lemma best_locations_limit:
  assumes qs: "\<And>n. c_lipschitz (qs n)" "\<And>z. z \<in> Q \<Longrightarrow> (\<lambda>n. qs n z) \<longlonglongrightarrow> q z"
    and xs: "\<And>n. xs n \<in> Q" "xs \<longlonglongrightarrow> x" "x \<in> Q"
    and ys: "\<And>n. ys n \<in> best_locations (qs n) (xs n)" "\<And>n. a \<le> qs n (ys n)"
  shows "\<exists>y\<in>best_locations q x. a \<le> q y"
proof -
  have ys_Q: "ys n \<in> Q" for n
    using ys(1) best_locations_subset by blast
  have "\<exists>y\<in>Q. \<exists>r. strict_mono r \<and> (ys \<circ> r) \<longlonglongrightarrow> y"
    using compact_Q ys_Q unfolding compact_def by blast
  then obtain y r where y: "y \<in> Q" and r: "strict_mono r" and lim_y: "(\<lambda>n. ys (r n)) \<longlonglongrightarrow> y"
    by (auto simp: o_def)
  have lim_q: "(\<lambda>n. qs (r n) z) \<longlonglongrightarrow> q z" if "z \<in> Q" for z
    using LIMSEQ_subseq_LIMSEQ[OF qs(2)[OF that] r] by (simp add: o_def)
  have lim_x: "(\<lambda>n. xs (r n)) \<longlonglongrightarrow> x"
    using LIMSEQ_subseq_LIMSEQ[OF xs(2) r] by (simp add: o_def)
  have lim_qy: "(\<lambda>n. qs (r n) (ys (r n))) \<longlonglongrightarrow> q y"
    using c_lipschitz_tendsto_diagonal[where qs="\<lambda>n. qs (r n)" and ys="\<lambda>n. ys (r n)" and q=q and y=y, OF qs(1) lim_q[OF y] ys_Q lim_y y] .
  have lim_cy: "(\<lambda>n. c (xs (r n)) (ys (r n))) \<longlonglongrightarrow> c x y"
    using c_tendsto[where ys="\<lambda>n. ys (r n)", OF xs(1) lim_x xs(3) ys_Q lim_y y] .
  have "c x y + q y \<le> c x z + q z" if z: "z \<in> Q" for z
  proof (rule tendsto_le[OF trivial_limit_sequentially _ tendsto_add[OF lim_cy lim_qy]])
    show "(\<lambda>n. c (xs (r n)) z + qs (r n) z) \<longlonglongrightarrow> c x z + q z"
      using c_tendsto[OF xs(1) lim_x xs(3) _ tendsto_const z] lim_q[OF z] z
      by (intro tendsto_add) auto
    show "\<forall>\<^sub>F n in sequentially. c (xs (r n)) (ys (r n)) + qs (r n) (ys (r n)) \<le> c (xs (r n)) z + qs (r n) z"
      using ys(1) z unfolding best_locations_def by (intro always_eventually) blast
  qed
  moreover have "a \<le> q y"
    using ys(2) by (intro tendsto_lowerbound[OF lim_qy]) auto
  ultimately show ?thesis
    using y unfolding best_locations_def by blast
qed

● **EXERCISE**
Output exactly the lines of the material above from the one containing "using LIMSEQ_subseq_LIMSEQ[OF xs(2)" up to and including the one containing "q y \<le> c".

● **RESULT OF THIS TASK**
    using LIMSEQ_subseq_LIMSEQ[OF xs(2) r] by (simp add: o_def)
  have lim_qy: "(\<lambda>n. qs (r n) (ys (r n))) \<longlonglongrightarrow> q y"
    using c_lipschitz_tendsto_diagonal[where qs="\<lambda>n. qs (r n)" and ys="\<lambda>n. ys (r n)" and q=q and y=y, OF qs(1) lim_q[OF y] ys_Q lim_y y] .
  have lim_cy: "(\<lambda>n. c (xs (r n)) (ys (r n))) \<longlonglongrightarrow> c x y"
    using c_tendsto[where ys="\<lambda>n. ys (r n)", OF xs(1) lim_x xs(3) ys_Q lim_y y] .
  have "c x y + q y \<le> c x z + q z" if z: "z \<in> Q" for z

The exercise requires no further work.